**What the task asks**
Nothing in the data should be left out or altered when it is retyped.

(Supplied data Opens)

definition dependent_in :: "nat \<Rightarrow> nat set set \<Rightarrow> jelt set \<Rightarrow> bool" where
  "dependent_in n B X \<longleftrightarrow> X \<subseteq> Jset n \<and> \<not> (\<exists>b\<in>B. X \<subseteq> bar n b)"

definition tvec :: "nat \<Rightarrow> (jelt \<Rightarrow> ereal) \<Rightarrow> bool" where
  "tvec n x \<longleftrightarrow> (\<forall>k. x k \<noteq> -\<infinity>) \<and> (\<forall>k. k \<notin> Jset n \<longrightarrow> x k = \<infinity>)"

definition vsupp :: "nat \<Rightarrow> (jelt \<Rightarrow> ereal) \<Rightarrow> jelt set" where
  "vsupp n x = {k \<in> Jset n. x k \<noteq> \<infinity>}"

definition cvec :: "nat \<Rightarrow> (nat set \<Rightarrow> ereal) \<Rightarrow> nat set \<Rightarrow> jelt \<Rightarrow> ereal" where
  "cvec n p T k = (if k \<in> Jset n \<and> k \<in> bar n T
                   then barp p (bar n T \<Delta> {k, star k}) else \<infinity>)"

definition cocvec :: "nat \<Rightarrow> (nat set \<Rightarrow> ereal) \<Rightarrow> nat set \<Rightarrow> jelt \<Rightarrow> ereal" where
  "cocvec n p T k = (if k \<in> Jset n \<and> k \<notin> bar n T
                   then barp p (bar n T \<Delta> {k, star k}) else \<infinity>)"

definition shift :: "(jelt \<Rightarrow> ereal) \<Rightarrow> real \<Rightarrow> jelt \<Rightarrow> ereal" where
  "shift x l k = x k + ereal l"

definition circuits :: "nat \<Rightarrow> (nat set \<Rightarrow> ereal) \<Rightarrow> (jelt \<Rightarrow> ereal) set" where
  "circuits n p = {shift (cvec n p T) l | T l. T \<subseteq> ground n \<and>
                     vsupp n (shift (cvec n p T) l) \<noteq> {}}"

definition cocircuits :: "nat \<Rightarrow> (nat set \<Rightarrow> ereal) \<Rightarrow> (jelt \<Rightarrow> ereal) set" where
  "cocircuits n p = {shift (cocvec n p T) l | T l. T \<subseteq> ground n \<and>
                     vsupp n (shift (cocvec n p T) l) \<noteq> {}}"

definition trop_orth :: "nat \<Rightarrow> (jelt \<Rightarrow> ereal) \<Rightarrow> (jelt \<Rightarrow> ereal) \<Rightarrow> bool" where
  "trop_orth n x y \<longleftrightarrow> min_twice (\<lambda>k. x k + y k) (Jset n)"

definition circ_perp :: "nat \<Rightarrow> (nat set \<Rightarrow> ereal) \<Rightarrow> (jelt \<Rightarrow> ereal) set" where
  "circ_perp n p = {x. tvec n x \<and> (\<forall>c\<in>circuits n p. trop_orth n x c)}"

definition cocycles :: "nat \<Rightarrow> (nat set \<Rightarrow> ereal) \<Rightarrow> (jelt \<Rightarrow> ereal) set" where
  "cocycles n p = {x \<in> circ_perp n p. admissible (vsupp n x)}"

end

theory Submission
  imports Defs
begin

(Supplied data Closes)

**Final answer**
definition dependent_in :: "nat \<Rightarrow> nat set set \<Rightarrow> jelt set \<Rightarrow> bool" where
  "dependent_in n B X \<longleftrightarrow> X \<subseteq> Jset n \<and> \<not> (\<exists>b\<in>B. X \<subseteq> bar n b)"

definition tvec :: "nat \<Rightarrow> (jelt \<Rightarrow> ereal) \<Rightarrow> bool" where
  "tvec n x \<longleftrightarrow> (\<forall>k. x k \<noteq> -\<infinity>) \<and> (\<forall>k. k \<notin> Jset n \<longrightarrow> x k = \<infinity>)"

definition vsupp :: "nat \<Rightarrow> (jelt \<Rightarrow> ereal) \<Rightarrow> jelt set" where
  "vsupp n x = {k \<in> Jset n. x k \<noteq> \<infinity>}"

definition cvec :: "nat \<Rightarrow> (nat set \<Rightarrow> ereal) \<Rightarrow> nat set \<Rightarrow> jelt \<Rightarrow> ereal" where
  "cvec n p T k = (if k \<in> Jset n \<and> k \<in> bar n T
                   then barp p (bar n T \<Delta> {k, star k}) else \<infinity>)"

definition cocvec :: "nat \<Rightarrow> (nat set \<Rightarrow> ereal) \<Rightarrow> nat set \<Rightarrow> jelt \<Rightarrow> ereal" where
  "cocvec n p T k = (if k \<in> Jset n \<and> k \<notin> bar n T
                   then barp p (bar n T \<Delta> {k, star k}) else \<infinity>)"

definition shift :: "(jelt \<Rightarrow> ereal) \<Rightarrow> real \<Rightarrow> jelt \<Rightarrow> ereal" where
  "shift x l k = x k + ereal l"

definition circuits :: "nat \<Rightarrow> (nat set \<Rightarrow> ereal) \<Rightarrow> (jelt \<Rightarrow> ereal) set" where
  "circuits n p = {shift (cvec n p T) l | T l. T \<subseteq> ground n \<and>
                     vsupp n (shift (cvec n p T) l) \<noteq> {}}"

definition cocircuits :: "nat \<Rightarrow> (nat set \<Rightarrow> ereal) \<Rightarrow> (jelt \<Rightarrow> ereal) set" where
  "cocircuits n p = {shift (cocvec n p T) l | T l. T \<subseteq> ground n \<and>
                     vsupp n (shift (cocvec n p T) l) \<noteq> {}}"

definition trop_orth :: "nat \<Rightarrow> (jelt \<Rightarrow> ereal) \<Rightarrow> (jelt \<Rightarrow> ereal) \<Rightarrow> bool" where
  "trop_orth n x y \<longleftrightarrow> min_twice (\<lambda>k. x k + y k) (Jset n)"

definition circ_perp :: "nat \<Rightarrow> (nat set \<Rightarrow> ereal) \<Rightarrow> (jelt \<Rightarrow> ereal) set" where
  "circ_perp n p = {x. tvec n x \<and> (\<forall>c\<in>circuits n p. trop_orth n x c)}"

definition cocycles :: "nat \<Rightarrow> (nat set \<Rightarrow> ereal) \<Rightarrow> (jelt \<Rightarrow> ereal) set" where
  "cocycles n p = {x \<in> circ_perp n p. admissible (vsupp n x)}"

end

theory Submission
  imports Defs
begin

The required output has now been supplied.